**BRIEF**
Find the string "longleftrightarrow" in the records. Copy each line that has it.

── THE RECORDS

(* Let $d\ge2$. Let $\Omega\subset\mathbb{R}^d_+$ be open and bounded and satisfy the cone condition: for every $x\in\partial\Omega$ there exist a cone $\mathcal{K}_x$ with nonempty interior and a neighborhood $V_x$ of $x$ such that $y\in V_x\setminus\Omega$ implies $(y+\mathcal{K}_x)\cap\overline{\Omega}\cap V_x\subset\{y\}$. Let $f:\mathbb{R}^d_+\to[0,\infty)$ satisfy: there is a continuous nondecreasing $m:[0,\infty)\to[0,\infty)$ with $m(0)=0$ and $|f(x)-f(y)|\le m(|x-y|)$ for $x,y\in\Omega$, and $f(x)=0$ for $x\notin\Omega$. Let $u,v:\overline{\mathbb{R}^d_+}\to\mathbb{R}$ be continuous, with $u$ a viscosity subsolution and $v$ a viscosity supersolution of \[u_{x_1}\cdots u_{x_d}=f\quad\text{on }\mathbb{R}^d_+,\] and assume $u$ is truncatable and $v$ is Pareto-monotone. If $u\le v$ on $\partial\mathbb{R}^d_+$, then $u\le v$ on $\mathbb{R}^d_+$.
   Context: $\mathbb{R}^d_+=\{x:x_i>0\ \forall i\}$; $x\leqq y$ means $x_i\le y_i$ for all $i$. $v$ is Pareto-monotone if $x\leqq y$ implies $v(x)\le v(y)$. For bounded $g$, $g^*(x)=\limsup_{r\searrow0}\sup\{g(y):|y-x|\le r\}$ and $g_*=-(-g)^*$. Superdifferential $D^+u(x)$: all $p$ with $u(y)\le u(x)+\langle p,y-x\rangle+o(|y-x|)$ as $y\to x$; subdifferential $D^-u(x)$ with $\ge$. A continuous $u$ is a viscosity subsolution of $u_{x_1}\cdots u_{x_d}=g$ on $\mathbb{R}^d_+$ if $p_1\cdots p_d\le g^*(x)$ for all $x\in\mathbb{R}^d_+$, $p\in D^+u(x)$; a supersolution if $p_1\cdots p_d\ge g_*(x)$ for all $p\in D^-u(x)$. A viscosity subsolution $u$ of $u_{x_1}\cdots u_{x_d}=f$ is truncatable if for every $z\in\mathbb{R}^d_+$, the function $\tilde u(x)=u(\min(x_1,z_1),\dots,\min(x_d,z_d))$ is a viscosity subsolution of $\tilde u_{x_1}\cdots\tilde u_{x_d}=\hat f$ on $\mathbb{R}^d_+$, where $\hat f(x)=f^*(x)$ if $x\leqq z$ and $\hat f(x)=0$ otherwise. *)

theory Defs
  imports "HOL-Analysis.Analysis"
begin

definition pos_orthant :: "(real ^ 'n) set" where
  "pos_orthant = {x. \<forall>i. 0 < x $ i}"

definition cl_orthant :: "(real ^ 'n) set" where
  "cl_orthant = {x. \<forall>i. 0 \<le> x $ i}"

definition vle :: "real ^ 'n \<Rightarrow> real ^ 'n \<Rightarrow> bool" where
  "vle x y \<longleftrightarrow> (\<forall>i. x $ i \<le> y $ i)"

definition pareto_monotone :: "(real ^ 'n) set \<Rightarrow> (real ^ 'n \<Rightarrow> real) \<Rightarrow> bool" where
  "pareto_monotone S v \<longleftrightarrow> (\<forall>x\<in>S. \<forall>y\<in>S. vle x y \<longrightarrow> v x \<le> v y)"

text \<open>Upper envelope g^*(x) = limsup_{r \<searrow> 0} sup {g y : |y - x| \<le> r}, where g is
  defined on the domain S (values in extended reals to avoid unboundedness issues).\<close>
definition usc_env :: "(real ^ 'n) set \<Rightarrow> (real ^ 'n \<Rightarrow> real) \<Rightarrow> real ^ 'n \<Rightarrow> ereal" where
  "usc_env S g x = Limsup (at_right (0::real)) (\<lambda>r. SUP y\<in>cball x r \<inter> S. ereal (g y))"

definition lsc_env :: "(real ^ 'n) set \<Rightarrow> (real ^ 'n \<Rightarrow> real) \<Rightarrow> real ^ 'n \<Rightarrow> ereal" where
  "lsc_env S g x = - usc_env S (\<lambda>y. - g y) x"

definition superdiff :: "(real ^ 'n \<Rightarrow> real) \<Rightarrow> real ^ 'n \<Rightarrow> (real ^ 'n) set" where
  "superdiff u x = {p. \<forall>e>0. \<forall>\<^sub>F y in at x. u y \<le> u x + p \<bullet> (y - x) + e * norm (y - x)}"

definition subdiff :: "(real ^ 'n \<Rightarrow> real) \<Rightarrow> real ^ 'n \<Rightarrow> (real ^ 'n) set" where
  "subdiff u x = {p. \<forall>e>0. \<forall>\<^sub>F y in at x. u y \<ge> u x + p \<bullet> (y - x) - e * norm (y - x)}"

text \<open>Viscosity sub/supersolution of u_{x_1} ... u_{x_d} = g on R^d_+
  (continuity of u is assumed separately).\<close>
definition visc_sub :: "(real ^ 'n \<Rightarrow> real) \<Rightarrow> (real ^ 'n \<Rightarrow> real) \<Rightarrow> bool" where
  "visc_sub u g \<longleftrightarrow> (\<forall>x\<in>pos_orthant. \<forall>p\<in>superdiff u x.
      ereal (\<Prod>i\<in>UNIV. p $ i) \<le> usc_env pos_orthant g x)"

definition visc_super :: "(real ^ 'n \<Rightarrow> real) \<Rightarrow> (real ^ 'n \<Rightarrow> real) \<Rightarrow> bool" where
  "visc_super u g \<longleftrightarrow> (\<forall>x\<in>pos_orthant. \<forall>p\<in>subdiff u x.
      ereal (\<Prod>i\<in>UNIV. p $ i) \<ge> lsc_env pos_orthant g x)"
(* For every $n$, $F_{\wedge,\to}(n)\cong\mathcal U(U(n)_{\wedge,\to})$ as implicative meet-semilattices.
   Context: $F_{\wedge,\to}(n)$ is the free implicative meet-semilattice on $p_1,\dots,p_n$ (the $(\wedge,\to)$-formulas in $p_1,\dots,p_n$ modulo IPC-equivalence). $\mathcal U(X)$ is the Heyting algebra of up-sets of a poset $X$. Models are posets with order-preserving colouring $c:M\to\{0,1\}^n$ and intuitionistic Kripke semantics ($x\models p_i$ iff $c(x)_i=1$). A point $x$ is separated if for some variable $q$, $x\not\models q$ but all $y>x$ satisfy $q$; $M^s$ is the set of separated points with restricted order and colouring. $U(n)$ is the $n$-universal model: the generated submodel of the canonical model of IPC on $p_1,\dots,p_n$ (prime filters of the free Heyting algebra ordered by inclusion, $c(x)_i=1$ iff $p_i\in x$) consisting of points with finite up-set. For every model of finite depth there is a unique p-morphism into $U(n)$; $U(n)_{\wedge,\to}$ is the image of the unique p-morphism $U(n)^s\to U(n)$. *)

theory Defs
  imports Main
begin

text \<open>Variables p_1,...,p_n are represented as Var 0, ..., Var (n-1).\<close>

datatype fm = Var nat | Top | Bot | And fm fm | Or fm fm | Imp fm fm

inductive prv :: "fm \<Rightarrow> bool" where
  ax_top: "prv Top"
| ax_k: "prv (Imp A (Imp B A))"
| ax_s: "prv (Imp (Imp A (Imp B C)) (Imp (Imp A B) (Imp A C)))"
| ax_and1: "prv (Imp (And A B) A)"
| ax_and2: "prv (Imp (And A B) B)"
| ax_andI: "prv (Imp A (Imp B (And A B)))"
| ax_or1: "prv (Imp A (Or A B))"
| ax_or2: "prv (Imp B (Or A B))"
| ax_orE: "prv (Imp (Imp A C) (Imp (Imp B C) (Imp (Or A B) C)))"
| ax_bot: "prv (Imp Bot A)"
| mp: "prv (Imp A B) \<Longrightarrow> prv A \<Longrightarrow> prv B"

────

**RESPONSE**
  "vle x y \<longleftrightarrow> (\<forall>i. x $ i \<le> y $ i)"
  "pareto_monotone S v \<longleftrightarrow> (\<forall>x\<in>S. \<forall>y\<in>S. vle x y \<longrightarrow> v x \<le> v y)"
  "visc_sub u g \<longleftrightarrow> (\<forall>x\<in>pos_orthant. \<forall>p\<in>superdiff u x.
  "visc_super u g \<longleftrightarrow> (\<forall>x\<in>pos_orthant. \<forall>p\<in>subdiff u x.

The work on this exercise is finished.